Тереза долго молчала, вертя в пальцах карандаш. Потом посмотрела ему прямо в лицо.

– По правде говоря, дела у меня далеко не блестящие. Все пошло наперекосяк. У меня даже больше нет уверенности в своих силах. Бог свидетель, я была бы ненормальной, если бы отказалась от такой возможности. Но, откровенно говоря, я сомневаюсь, что смогу. Еще полгода назад – даже меньше – я была уверена в себе. А сейчас… Я боюсь обмануть всех и испортить все дело.

– Тереза! – Он взял ее за руку, впервые прикоснувшись к ней с тех пор, как сбежал от нее. – Мне не хочется, чтобы ты так говорила. Это пройдет, ты просто на время утратила веру в свои силы – и только.
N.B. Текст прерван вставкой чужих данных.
lemma log_factor_le_4_ln:
  assumes "1 \<le> n" "i < n" "0 < p" "p \<le> 1"
  shows "log_factor n i p \<le> 4 * ln (4 * real n ^ i / p)"
proof -
  have "ln p \<le> 0" using assms(3,4) by simp
  have "real i * ln 2 \<le> real i * ln (real n)"
  proof (cases "n = 1")
    case False
    then have "ln 2 \<le> ln (real n)" using assms(1) by simp
    then show ?thesis by (intro mult_left_mono) auto
  qed (use assms(2) in simp)
  then show ?thesis
    using log_factor_expand[OF assms(1,3), of i] ln_4_power_div[OF assms(1,3), of i] one_le_ln_4 \<open>ln p \<le> 0\<close>
    by (simp add: algebra_simps)
qed

lemma deg_bound_le_final:
  assumes "l \<le> n" "0 < p" "p \<le> 1" "D \<le> d"
  shows "deg_bound n l D p \<le> sqrt (36 ^ l * real (d choose l)) * (\<Prod>i<l. sqrt (ln (4 * real n ^ i / p)))"
proof (cases "n = 0")
  case True
  then show ?thesis using assms(1) by (simp add: deg_bound_def)
next
  case False
  then have n: "1 \<le> n" by simp
  have "(\<Prod>i<l. log_factor n i p) \<le> (\<Prod>i<l. 4 * ln (4 * real n ^ i / p))"
    using log_factor_le_4_ln[OF n _ assms(2,3)] log_factor_ge_1[OF n assms(2,3)] assms(1)
    by (intro prod_mono) (meson dual_order.trans zero_le_one lessThan_iff order.strict_trans2)
  also have "\<dots> = 4 ^ l * (\<Prod>i<l. ln (4 * real n ^ i / p))" by (simp add: prod.distrib)
  finally have "(\<Prod>i<l. log_factor n i p) \<le> 4 ^ l * (\<Prod>i<l. ln (4 * real n ^ i / p))" .
  moreover have "real (D choose l) \<le> real (d choose l)" using assms(4) by (simp add: binomial_right_mono)
  ultimately have "9 ^ l * real (D choose l) * (\<Prod>i<l. log_factor n i p)
      \<le> 9 ^ l * real (d choose l) * (4 ^ l * (\<Prod>i<l. ln (4 * real n ^ i / p)))"
    using prod_log_factor_nonneg[OF n assms(2,3)] by (intro mult_mono) auto
  also have "\<dots> = 36 ^ l * real (d choose l) * (\<Prod>i<l. ln (4 * real n ^ i / p))"
    by (simp add: power_mult_distrib[symmetric] mult_ac)
  finally have "deg_bound n l D p \<le> sqrt (36 ^ l * real (d choose l) * (\<Prod>i<l. ln (4 * real n ^ i / p)))"
    unfolding deg_bound_def by simp
  also have "\<dots> = sqrt (36 ^ l * real (d choose l)) * (\<Prod>i<l. sqrt (ln (4 * real n ^ i / p)))"
    using ln_4_power_div_nonneg[of p] assms(2,3) by (simp add: real_sqrt_mult real_sqrt_prod)
  finally show ?thesis .
qed
theorem lemma4p2:
  fixes M :: "'a measure"
    and y \<epsilon> :: "int \<Rightarrow> 'a \<Rightarrow> real"
    and \<kappa> :: "nat \<Rightarrow> real"
    and \<sigma>2 K \<beta> :: real
  assumes prob: "prob_space M"
    \<comment> \<open>mean-zero covariance-stationary real series\<close>
    and y_meas: "\<And>t. y t \<in> borel_measurable M"
    and y_sq_int: "\<And>t. integrable M (\<lambda>\<omega>. (y t \<omega>)\<^sup>2)"
    and y_mean: "\<And>t. (\<integral>\<omega>. y t \<omega> \<partial>M) = 0"
    and y_cov: "\<And>t h. (\<integral>\<omega>. y (t + h) \<omega> * y t \<omega> \<partial>M) = (\<integral>\<omega>. y h \<omega> * y 0 \<omega> \<partial>M)"
    \<comment> \<open>(D1)\<close>
    and D1: "AE \<omega> in M. (y 1 \<omega>)\<^sup>2 > 0"
    \<comment> \<open>(D2)\<close>
    and kappa0: "\<kappa> 0 = 1"
    and kappa_abs: "summable (\<lambda>s. \<bar>\<kappa> s\<bar>)"
    and kappa_nz: "\<And>z::complex. norm z \<le> 1 \<Longrightarrow> (\<Sum>s. complex_of_real (\<kappa> s) * z ^ s) \<noteq> 0"
    and y_MA: "AE \<omega> in M. \<forall>t. (\<lambda>s. \<kappa> s * \<epsilon> (t - int s) \<omega>) sums y t \<omega>"
    and eps_adapted: "\<And>t. \<epsilon> t \<in> borel_measurable (nat_filtration M y t)"
    and eps_int: "\<And>t. integrable M (\<epsilon> t)"
    and eps_mds: "\<And>t. AE \<omega> in M. real_cond_exp M (nat_filtration M y (t - 1)) (\<epsilon> t) \<omega> = 0"
    \<comment> \<open>(D3)\<close>
    and D3: "\<And>t. AE \<omega> in M.
               real_cond_exp M (nat_filtration M y (t - 1)) (\<lambda>\<omega>'. (\<epsilon> t \<omega>')\<^sup>2) \<omega> = \<sigma>2"
    \<comment> \<open>(D4)\<close>
    and D4: "AE \<omega> in M. \<forall>t. \<bar>\<epsilon> t \<omega>\<bar> \<le> K"
    and beta: "0 \<le> \<beta>" "\<beta> \<le> 1"
    \<comment> \<open>eventual boundedness of theta_t strictly inside (-1,1)\<close>
    and theta_bd: "AE \<omega> in M. \<exists>(kstar::nat) (Kstar::real). 0 < Kstar \<and> Kstar < 1 \<and>
               (\<forall>t\<ge>1. \<bar>rls_theta \<beta> (\<lambda>n. y (int n) \<omega>) (t + kstar)\<bar> \<le> Kstar)"
  shows "AE \<omega> in M.
    (let \<theta> = rls_theta \<beta> (\<lambda>n. y (int n) \<omega>);
         \<phi> = rls_phi \<beta> (\<lambda>n. y (int n) \<omega>);
         r1 = (\<lambda>t u. (1 / real t) * (\<Sum>s = 1..t. (\<phi> s)\<^sup>2)
                 - (1 / real t) * (\<Sum>s = 1..t.
                      (\<Sum>j = 0..u. kappa_phi \<beta> \<kappa> \<theta> s j * \<epsilon> (int s - int j) \<omega>)\<^sup>2))
     in (\<lambda>u. limsup (\<lambda>t. ereal \<bar>r1 t u\<bar>)) \<longlonglongrightarrow> 0)"
  using y_MA D4 theta_bd
proof eventually_elim
  case (elim \<omega>)
  define \<theta> where "\<theta> = rls_theta \<beta> (\<lambda>n. y (int n) \<omega>)"
  from elim obtain kstar Kstar where Kstar: "0 < Kstar" "Kstar < 1"
    and \<theta>_shifted: "\<forall>t\<ge>1. \<bar>\<theta> (t + kstar)\<bar> \<le> Kstar"
    unfolding \<theta>_def by blast
  have \<theta>_bound: "\<bar>\<theta> k\<bar> \<le> Kstar" if "kstar < k" for k
    using \<theta>_shifted[rule_format, of "k - kstar"] that by simp
  obtain W where "summable W" "\<And>t j. 1 \<le> t \<Longrightarrow> \<bar>kappa_phi \<beta> \<kappa> \<theta> t j\<bar> \<le> W j"
    by (rule kappa_phi_summable_bound[OF _ Kstar \<theta>_bound kappa_abs]) (use beta in auto)
  moreover have "(\<lambda>j. kappa_phi \<beta> \<kappa> \<theta> s j * \<epsilon> (int s - int j) \<omega>) sums rls_phi \<beta> (\<lambda>n. y (int n) \<omega>) s"
    if "1 \<le> s" for s
    unfolding \<theta>_def using elim by (intro kappa_phi_sums_rls_phi that) blast
  ultimately show ?case
    unfolding Let_def \<theta>_def[symmetric] using elim
    by (intro mean_squares_truncation_error_tendsto_0) blast+
qed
Такое нередко случается с каждым. Я уверен, ты все сможешь. Ради самой себя ты должна взять себя в руки и попытаться еще раз.

Она молчала. Ей не просто предлагали чудесную возможность – было похоже, что Бог услышал ее молитвы. Ведь ей больше не придется бороться за выживание в джунглях модной индустрии, не придется жить в постоянном страхе, что мать потеряет дом, – и никаких фергалов хиллардов! Такой шанс представляется раз в жизни – если только она решится им воспользоваться.

– Ну как? – спросил Марк. – Что ты на это скажешь?

Тереза смущенно улыбнулась.

– Похоже, ты уговорил меня, – сказала она тихо. – Думаю, что мне нечего терять.

– Терять нечего, а выиграть можно.

– А мы? – спросила она. Этот самый важный вопрос она задала шепотом. – Что будет с нами?

– Если только ты готова, мы могли бы начать все с самого начала.

– О Марк! – сказала она. – Ты ведь знаешь, что я готова.

Он притянул ее к себе и обнял. Прошло довольно много времени, прежде чем они заговорили снова.

– Наверное, для обеда сейчас поздновато, – сказал он. – В таком случае, как насчет раннего ужина? С шампанским? Мне кажется, любовь моя, у нас есть повод для праздника.

Она оторвала лицо от его кожаной куртки. Столько событий, что она еще не успела всего осознать. Но одно она знала твердо: она сейчас счастливее, чем когда-либо в жизни.

– Да, да, Марк, – сказала она. – Я тоже думаю, что у нас есть что отпраздновать.

ГЛАВА ТРИДЦАТЬ ПЯТАЯ

Салли Варна положила телефонную трубку и повернулась к Гарриет.

– Ну вот, – сказала она. – Дочь Полы приезжает в Нью-Йорк работать.

Голос у нее был неестественно напряженный, на лице застыла красивая маска. Раньше Гарриет иногда хотелось узнать, что кроется под этой маской, теперь она знала. Там долгие годы скрывалось чувство вины и, возможно, сожаления о содеянном. Об этом было страшно подумать.

– Значит, она приняла предложение, – сказала Гарриет. – Я рада.

– Да. – Даже если Салли и нервничала в ожидании встречи с девушкой, которую крохой отдала в чужую семью, она не подала виду, потому что время откровений прошло. Ее уязвимость снова стала незаметной для постороннего глаза, как и ее горе, спрятавшееся за сдержанными манерами, которые она выработала за долгие годы. Но Гарриет это понимала. Каждому иногда приходится вводить в заблуждение окружающих своим видом, думала она. А Салли, может быть, это нужно больше, чем остальным.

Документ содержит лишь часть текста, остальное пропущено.